Ich wollte nicht mehr an dich denken und ich wollte dich nicht mehr fühlen. Das ist mir in den vergangenen Wochen auch ziemlich gut gelungen. Keine Nächte mehr, in denen ich wach lag und mich fragte, wie es dir geht und was du tust. Nicht mehr diese Frage, ob auch du manchmal an mich denkst. Keine Tage mehr, an denen ich um dich weinte. Keine Wut, kein Hass, keine Trauer, keine Liebe… gar nichts mehr. Und so war es gut. Aber heute tauchtest du ungewollt wieder auf.
Ich war nämlich am Meer. Dort an diesem großen Wasser, das wir vor einigen Monaten noch gemeinsam bestaunt haben. Wir saßen damals einfach so da, haben gar nicht viel geredet. Ich schaute auf den Horizont und musste dir nichts erklären. Denn du wusstest genau, welche Frage sich mir beim Blick auf diese scheinbar mit Bleistift gezeichnete Linie dort hinten immer wieder stellt. Heute erinnerte ich mich wieder an dein Grinsen und deine Augen, an deine Stimme. Und ich fühlte deine verdammte Nähe, obwohl du mir schon so lange nicht mehr nah bist.
Als wir uns zum ersten Mal begegneten, lugte ich hinter einer dicken Mauer hervor. Die hatte ich mir mühevoll aufgebaut und ich war stolz auf mein Werk. Niemand konnte mich komplett hinter ihr erkennen. Aber du hast nicht locker gelassen und Stein für Stein abgetragen. Solange, bis ich komplett nackt vor dir stand. Seitdem weißt du alles von mir. Du kennst jeden meiner Gedanken und jedes Gefühl. Du hast meinen derben Humor ertragen und auch meine Tränen bemerkt. Du weißt, an welchem Ort ich in diesem Leben noch einmal sein möchte und welche Träume ich noch habe. Du hast mich ungeschminkt angeschaut, aber auch mit der Maske gesehen, die ich für die Welt dort draußen täglich auflege. Du weißt sogar, welches mein Lieblingskleid ist.
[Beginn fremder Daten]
definition answer ::
  "nat \<Rightarrow> (nat \<Rightarrow> 'o \<Rightarrow> bool list) \<Rightarrow> (nat \<Rightarrow> nat \<Rightarrow> 'o \<Rightarrow> 'q)
     \<Rightarrow> (nat \<Rightarrow> 'q \<Rightarrow> bool list list \<Rightarrow> bool list) \<Rightarrow> nat \<Rightarrow> nat \<Rightarrow> 'o \<Rightarrow> bool list" where
  "answer K W Q ans t s = (\<lambda>\<omega>. ans s (Q t s \<omega>) (msgs K W \<omega>))"

definition answers ::
  "nat \<Rightarrow> nat \<Rightarrow> (nat \<Rightarrow> 'o \<Rightarrow> bool list) \<Rightarrow> (nat \<Rightarrow> nat \<Rightarrow> 'o \<Rightarrow> 'q)
     \<Rightarrow> (nat \<Rightarrow> 'q \<Rightarrow> bool list list \<Rightarrow> bool list) \<Rightarrow> nat \<Rightarrow> 'o \<Rightarrow> bool list list" where
  "answers S K W Q ans t = (\<lambda>\<omega>. map (\<lambda>s. answer K W Q ans t s \<omega>) [0..<S])"

definition private_scheme ::
  "'o::finite pmf \<Rightarrow> nat \<Rightarrow> nat \<Rightarrow> (nat \<Rightarrow> 'o \<Rightarrow> bool list) \<Rightarrow> (nat \<Rightarrow> nat \<Rightarrow> 'o \<Rightarrow> 'q)
     \<Rightarrow> (nat \<Rightarrow> 'q \<Rightarrow> bool list list \<Rightarrow> bool list)
     \<Rightarrow> (nat \<Rightarrow> 'q list \<Rightarrow> bool list list \<Rightarrow> bool list) \<Rightarrow> bool" where
  "private_scheme P S K W Q ans dec \<longleftrightarrow>
     (\<forall>t<K. MI P (queries S Q t) (msgs K W) = 0) \<and>
     (\<forall>s<S. \<forall>t<K.
        map_pmf (\<lambda>\<omega>. (Q 0 s \<omega>, answer K W Q ans 0 s \<omega>, msgs K W \<omega>)) P =
        map_pmf (\<lambda>\<omega>. (Q t s \<omega>, answer K W Q ans t s \<omega>, msgs K W \<omega>)) P) \<and>
     (\<forall>t<K. \<forall>\<omega>\<in>set_pmf P. dec t (queries S Q t \<omega>) (answers S K W Q ans t \<omega>) = W t \<omega>)"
Und dann hast du mich in dem Trümmerhaufen dieser eingerissenen Mauer irgendwann einfach stehen lassen. Hast dich nicht einmal mehr umgedreht. Nun sitze ich jedoch hier zwischen den Steinen und bin mittlerweile schon wieder ganz gut vorangekommen, dieses Versteck erneut aufzubauen, größer und stabiler, als vorher. Nein, es ist nicht schön dahinter. Es ist dort einsam und manchmal tut es mir ein wenig leid, wenn jemand sich daran stößt, weil er nicht näher an mich herankommt. Doch, ich habe Angst. So fürchterliche Angst, dass ich irgendwann wieder schutzlos allein stehen gelassen werde, nachdem ich alles gegeben und gezeigt, nachdem ich widerstandslos vertraut habe. Denn es tut so wahnsinnig weh, wenn jemand mit diesem geschenkten Vertrauen einfach verschwindet. Ja, du hast es wunderbar geschafft, dass ich mich wieder hinter dicken Mauern verstecke und dabei immer hoffe, dass mich niemand mehr so wie du erkennt. Natürlich möchte ich wieder vertrauen. Ich möche auch so gerne wieder meine Gedanken und mein verrücktes Fühlen für dieses Leben mit jemandem teilen. Ich möchte Nähe so nah wie möglich. Aber ich schaffe es nicht. Jeder, der an meine Mauer tritt, bedeutet Gefahr für mein Herz, das sich doch gerade von dir erholt hat. Und diese unerträglichen Schmerzen will ich nicht schon wieder aushalten müssen.
Nun stand ich da heute also am Meer und bestaunte allein den Horizont, während du plötzlich wieder in meinen Gedanken auftauchtest. Aber weißt du, was ich dann tat? Obwohl es so kalt und stürmisch war, zog ich die Schuhe aus und ging ins Wasser. Meine Füße und Beine brannten von der Kälte und sie taten weh. Und trotzdem lief ich noch eine Weile weiter durchs Meer.
Denn als die eisigen Wellen vom Sturm mit ungeheurer Kraft gegen meine Waden geschlagen wurden, spürte ich endlich wieder mich und nicht mehr dich…
… und ein neues Lieblingskleid habe ich übrigens auch.